─── RECORDS SUPPLIED

definition hess_integrand :: "real^'n \<Rightarrow> real" where
  "hess_integrand x = weight x (2 * s - 2) * (norm (H x))\<^sup>2 * (\<zeta> x)\<^sup>2"

definition cutoff_integrand :: "real^'n \<Rightarrow> real" where
  "cutoff_integrand x = weight x (2 * s) * (norm (grad \<zeta> x))\<^sup>2"

lemma sum_main_term: "(\<Sum>i\<in>UNIV. main_term i x) = lhs_integrand x"
proof -
  have "(\<Sum>i\<in>UNIV. main_term i x) = (\<zeta> x)\<^sup>2 * (weight x (2 * s) * (\<Sum>i\<in>UNIV. p x $ i * p x $ i))"
    by (simp add: main_term_def theta_eq sum_distrib_left power2_eq_square algebra_simps)
  also have "(\<Sum>i\<in>UNIV. p x $ i * p x $ i) = (norm (p x))\<^sup>2"
    by (simp add: power2_norm_eq_inner inner_vec_def)
  also have "weight x (2 * s) * (norm (p x))\<^sup>2 = weight x (2 * s + 2)"
    using pw_add_2[of "norm (p x)" "2 * s"] exponent_ge_1 by (simp add: weight_def)
  finally show ?thesis
    by (simp add: lhs_integrand_def mult.commute)
qed

lemma abs_sum_cutoff_term_le:
  "\<bar>\<Sum>i\<in>UNIV. cutoff_term i x\<bar> \<le> 2 * \<bar>w x\<bar> * \<bar>\<zeta> x\<bar> * weight x (2 * s) * norm (grad \<zeta> x) * norm (p x)"
proof -
  have "(\<Sum>i\<in>UNIV. cutoff_term i x) = 2 * w x * \<zeta> x * weight x (2 * s) * inner (grad \<zeta> x) (p x)"
    by (simp add: cutoff_term_def theta_eq inner_vec_def sum_distrib_left algebra_simps)
  then have "\<bar>\<Sum>i\<in>UNIV. cutoff_term i x\<bar>
      = 2 * \<bar>w x\<bar> * \<bar>\<zeta> x\<bar> * weight x (2 * s) * \<bar>inner (grad \<zeta> x) (p x)\<bar>"
    using weight_nonneg[of x "2 * s"] by (simp add: abs_mult)
  also have "\<dots> \<le> 2 * \<bar>w x\<bar> * \<bar>\<zeta> x\<bar> * weight x (2 * s) * (norm (grad \<zeta> x) * norm (p x))"
    using weight_nonneg[of x "2 * s"] by (intro mult_left_mono Cauchy_Schwarz_ineq2) auto
  finally show ?thesis by (simp add: mult.assoc)
qed

lemma divergence_remainder_le:
  assumes "x \<in> U"
  shows "\<bar>(\<Sum>i\<in>UNIV. flux_partial i x) - lhs_integrand x\<bar>
    \<le> 2 * \<bar>w x\<bar> * \<bar>\<zeta> x\<bar> * weight x (2 * s) * norm (grad \<zeta> x) * norm (p x)
      + \<bar>w x\<bar> * (\<zeta> x)\<^sup>2 * (real CARD('n) * (2 * s + 1)) * weight x (2 * s) * norm (H x)"
proof -
  have "(\<Sum>i\<in>UNIV. flux_partial i x) - lhs_integrand x
      = (\<Sum>i\<in>UNIV. cutoff_term i x) + (\<Sum>i\<in>UNIV. hessian_term i x)"
    using assms by (simp add: flux_partial_def sum.distrib sum_main_term)
  moreover have "\<bar>\<Sum>i\<in>UNIV. hessian_term i x\<bar>
      \<le> (\<Sum>i\<in>(UNIV::'n set). (2 * s + 1) * \<bar>w x\<bar> * (\<zeta> x)\<^sup>2 * weight x (2 * s) * norm (H x))"
    by (rule order_trans[OF sum_abs sum_mono]) (rule abs_hessian_term_le)
  ultimately show ?thesis
    using abs_sum_cutoff_term_le[of x] by (simp add: algebra_simps) linarith
qed


lemma divergence_estimate:
  assumes "x \<in> U" and "x \<in> S \<Longrightarrow> \<bar>w x\<bar> \<le> M"
  shows "\<bar>(\<Sum>i\<in>UNIV. flux_partial i x) - lhs_integrand x\<bar> \<le> lhs_integrand x / 2
    + M\<^sup>2 * ((real CARD('n) * (2 * s + 1))\<^sup>2 * hess_integrand x + 4 * cutoff_integrand x)"
proof (cases "x \<in> S")
  case False
  then show ?thesis
    by (simp add: flux_partial_outside_S lhs_integrand_def hess_integrand_def cutoff_integrand_def
        zero_outside_supp grad_eq_0_outside_supp)
next
  case True
  let ?r = "norm (p x)"
  have "\<bar>(\<Sum>i\<in>UNIV. flux_partial i x) - lhs_integrand x\<bar>
    \<le> K ?r * pw ?r (2 * s + 2) * (\<zeta> x)\<^sup>2 / 2 + M\<^sup>2 * ((real CARD('n) * (2 * s + 1))\<^sup>2
      * (K ?r * pw ?r (2 * s - 2) * (norm (H x))\<^sup>2 * (\<zeta> x)\<^sup>2) + 4 * (K ?r * pw ?r (2 * s) * (norm (grad \<zeta> x))\<^sup>2))"
  proof (rule young_absorb)
    show "\<bar>w x\<bar> \<le> M" using assms(2) True .
    show "pw ?r (2 * s) = pw ?r (2 * s - 2) * ?r\<^sup>2"
      using pw_add_2[of ?r "2 * s - 2"] exponent_ge_1 by simp
    show "pw ?r (2 * s + 2) = pw ?r (2 * s) * ?r\<^sup>2"
      using pw_add_2[of ?r "2 * s"] exponent_ge_1 by simp
    show "\<bar>(\<Sum>i\<in>UNIV. flux_partial i x) - lhs_integrand x\<bar>
      \<le> 2 * \<bar>w x\<bar> * \<bar>\<zeta> x\<bar> * (K ?r * pw ?r (2 * s)) * norm (grad \<zeta> x) * ?r
        + \<bar>w x\<bar> * (\<zeta> x)\<^sup>2 * (real CARD('n) * (2 * s + 1)) * (K ?r * pw ?r (2 * s)) * norm (H x)"
      using divergence_remainder_le[OF assms(1)] by (simp add: weight_def)
  qed (use K_pos exponent_ge_1 in \<open>auto simp: less_imp_le pw_nonneg\<close>)
  then show ?thesis
    by (simp add: lhs_integrand_def hess_integrand_def cutoff_integrand_def weight_def mult.assoc)
qed

lemma integrands_outside_S:
  "x \<notin> S \<Longrightarrow> lhs_integrand x = 0 \<and> hess_integrand x = 0 \<and> cutoff_integrand x = 0"
  by (simp add: lhs_integrand_def hess_integrand_def cutoff_integrand_def
      zero_outside_supp grad_eq_0_outside_supp)

lemma integrands_nonneg: "lhs_integrand x \<ge> 0 \<and> hess_integrand x \<ge> 0 \<and> cutoff_integrand x \<ge> 0"
  using weight_nonneg by (simp add: lhs_integrand_def hess_integrand_def cutoff_integrand_def)

lemma continuous_on_integrands:
  "continuous_on U lhs_integrand" "continuous_on U hess_integrand" "continuous_on U cutoff_integrand"
  unfolding lhs_integrand_def hess_integrand_def cutoff_integrand_def using exponent_ge_1
  by (auto intro!: continuous_intros continuous_on_weight continuous_on_hess_w
      continuous_on_subset[OF continuous_on_\<zeta>] continuous_on_subset[OF continuous_on_grad_\<zeta>])

lemma integrable_integrands:
  "integrable lborel (\<lambda>x. indicator U x * lhs_integrand x)"
  "integrable lborel (\<lambda>x. indicator U x * hess_integrand x)"
  "integrable lborel (\<lambda>x. indicator U x * cutoff_integrand x)"
  using compact_S S_subset_U continuous_on_integrands integrands_outside_S
  by (auto intro!: integrable_indicator_mult_continuous_on)

lemma sq_le_Sup_sq_on_S: assumes "x \<in> S" shows "\<bar>w x\<bar>\<^sup>2 \<le> Sup ((\<lambda>x. \<bar>w x\<bar>\<^sup>2) ` S)"
proof -
  have "compact ((\<lambda>x. \<bar>w x\<bar>\<^sup>2) ` S)"
    using compact_S continuous_on_subset[OF continuous_on_w S_subset_U]
    by (intro compact_continuous_image continuous_intros)
  then show ?thesis
    using assms by (intro cSup_upper bounded_imp_bdd_above compact_imp_bounded) auto
qed

lemma integral_lhs_le:
  assumes "Sm \<ge> 0" and "\<And>x. x \<in> S \<Longrightarrow> \<bar>w x\<bar>\<^sup>2 \<le> Sm"
  shows "(\<integral>x. indicator U x * lhs_integrand x \<partial>lborel)
    \<le> 2 * Sm * ((real CARD('n) * (2 * s + 1))\<^sup>2 * (\<integral>x. indicator U x * hess_integrand x \<partial>lborel)
      + 4 * (\<integral>x. indicator U x * cutoff_integrand x \<partial>lborel))"
proof -
  define M where "M = sqrt Sm"
  have M: "M\<^sup>2 = Sm" "\<And>x. x \<in> S \<Longrightarrow> \<bar>w x\<bar> \<le> M"
    using assms by (auto simp: M_def real_le_rsqrt)
  have "(\<integral>x. indicator U x * lhs_integrand x \<partial>lborel) \<le> 2 * (\<integral>x. Sm * ((real CARD('n) * (2 * s + 1))\<^sup>2
      * (indicator U x * hess_integrand x) + 4 * (indicator U x * cutoff_integrand x)) \<partial>lborel)"
  proof (rule integral_le_by_absorption)
    show "integrable lborel (\<lambda>x. \<Sum>i\<in>UNIV. flux_partial i x)"
      "(\<integral>x. (\<Sum>i\<in>UNIV. flux_partial i x) \<partial>lborel) = 0"
      using integral_flux_partial by simp_all
    fix x
    show "\<bar>(\<Sum>i\<in>UNIV. flux_partial i x) - indicator U x * lhs_integrand x\<bar>
      \<le> indicator U x * lhs_integrand x / 2 + Sm * ((real CARD('n) * (2 * s + 1))\<^sup>2
        * (indicator U x * hess_integrand x) + 4 * (indicator U x * cutoff_integrand x))"
      using divergence_estimate[of x M] M by (cases "x \<in> U") (auto simp: flux_partial_def)
  qed (use integrable_integrands in auto)
  then show ?thesis
    using integrable_integrands by (simp add: mult.assoc)
qed

lemma set_integral_lhs_le:
  "(LINT x:U|lebesgue. lhs_integrand x) \<le> (2 * (real CARD('n) * (2 * s + 1))\<^sup>2 + 8)
     * Sup ((\<lambda>x. \<bar>w x\<bar>\<^sup>2) ` S)
     * ((LINT x:U|lebesgue. hess_integrand x) + (LINT x:U|lebesgue. cutoff_integrand x))"
proof -
  define c where "c = real CARD('n) * (2 * s + 1)"
  define Sm where "Sm = Sup ((\<lambda>x. \<bar>w x\<bar>\<^sup>2) ` S)"
  define IA where "IA = (\<integral>x. indicator U x * hess_integrand x \<partial>lborel)"
  define IB where "IB = (\<integral>x. indicator U x * cutoff_integrand x \<partial>lborel)"
  have "IA \<ge> 0" "IB \<ge> 0"
    unfolding IA_def IB_def using integrands_nonneg by (auto intro!: integral_nonneg)
  show ?thesis
  proof (cases "S = {}")
    case True
    \<comment> \<open>Both sides vanish, whatever the unspecified value of \<open>Sup {}\<close> is.\<close>
    then show ?thesis
      using integrands_outside_S by (simp add: set_lebesgue_integral_def)
  next
    case False
    then have "Sm \<ge> 0"
      unfolding Sm_def using sq_le_Sup_sq_on_S by (meson ex_in_conv order_trans zero_le_power2)
    then have "(\<integral>x. indicator U x * lhs_integrand x \<partial>lborel) \<le> 2 * Sm * (c\<^sup>2 * IA + 4 * IB)"
      unfolding Sm_def IA_def IB_def c_def using sq_le_Sup_sq_on_S by (rule integral_lhs_le)
    also have "\<dots> \<le> (2 * c\<^sup>2 + 8) * Sm * (IA + IB)"
      using \<open>Sm \<ge> 0\<close> \<open>IA \<ge> 0\<close> \<open>IB \<ge> 0\<close> by (simp add: algebra_simps)
    finally show ?thesis
      by (simp add: set_integral_lebesgue_eq_lborel[OF open_U] continuous_on_integrands
          c_def Sm_def IA_def IB_def)
  qed
qed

──────

**ABOUT THIS EXERCISE**
Reproduce the entries above exactly, starting at their first line and finishing with the line that contains "(norm (grad \<zeta> x) *".

**FINAL ANSWER**
definition hess_integrand :: "real^'n \<Rightarrow> real" where
  "hess_integrand x = weight x (2 * s - 2) * (norm (H x))\<^sup>2 * (\<zeta> x)\<^sup>2"

definition cutoff_integrand :: "real^'n \<Rightarrow> real" where
  "cutoff_integrand x = weight x (2 * s) * (norm (grad \<zeta> x))\<^sup>2"

lemma sum_main_term: "(\<Sum>i\<in>UNIV. main_term i x) = lhs_integrand x"
proof -
  have "(\<Sum>i\<in>UNIV. main_term i x) = (\<zeta> x)\<^sup>2 * (weight x (2 * s) * (\<Sum>i\<in>UNIV. p x $ i * p x $ i))"
    by (simp add: main_term_def theta_eq sum_distrib_left power2_eq_square algebra_simps)
  also have "(\<Sum>i\<in>UNIV. p x $ i * p x $ i) = (norm (p x))\<^sup>2"
    by (simp add: power2_norm_eq_inner inner_vec_def)
  also have "weight x (2 * s) * (norm (p x))\<^sup>2 = weight x (2 * s + 2)"
    using pw_add_2[of "norm (p x)" "2 * s"] exponent_ge_1 by (simp add: weight_def)
  finally show ?thesis
    by (simp add: lhs_integrand_def mult.commute)
qed

lemma abs_sum_cutoff_term_le:
  "\<bar>\<Sum>i\<in>UNIV. cutoff_term i x\<bar> \<le> 2 * \<bar>w x\<bar> * \<bar>\<zeta> x\<bar> * weight x (2 * s) * norm (grad \<zeta> x) * norm (p x)"
proof -
  have "(\<Sum>i\<in>UNIV. cutoff_term i x) = 2 * w x * \<zeta> x * weight x (2 * s) * inner (grad \<zeta> x) (p x)"
    by (simp add: cutoff_term_def theta_eq inner_vec_def sum_distrib_left algebra_simps)
  then have "\<bar>\<Sum>i\<in>UNIV. cutoff_term i x\<bar>
      = 2 * \<bar>w x\<bar> * \<bar>\<zeta> x\<bar> * weight x (2 * s) * \<bar>inner (grad \<zeta> x) (p x)\<bar>"
    using weight_nonneg[of x "2 * s"] by (simp add: abs_mult)
  also have "\<dots> \<le> 2 * \<bar>w x\<bar> * \<bar>\<zeta> x\<bar> * weight x (2 * s) * (norm (grad \<zeta> x) * norm (p x))"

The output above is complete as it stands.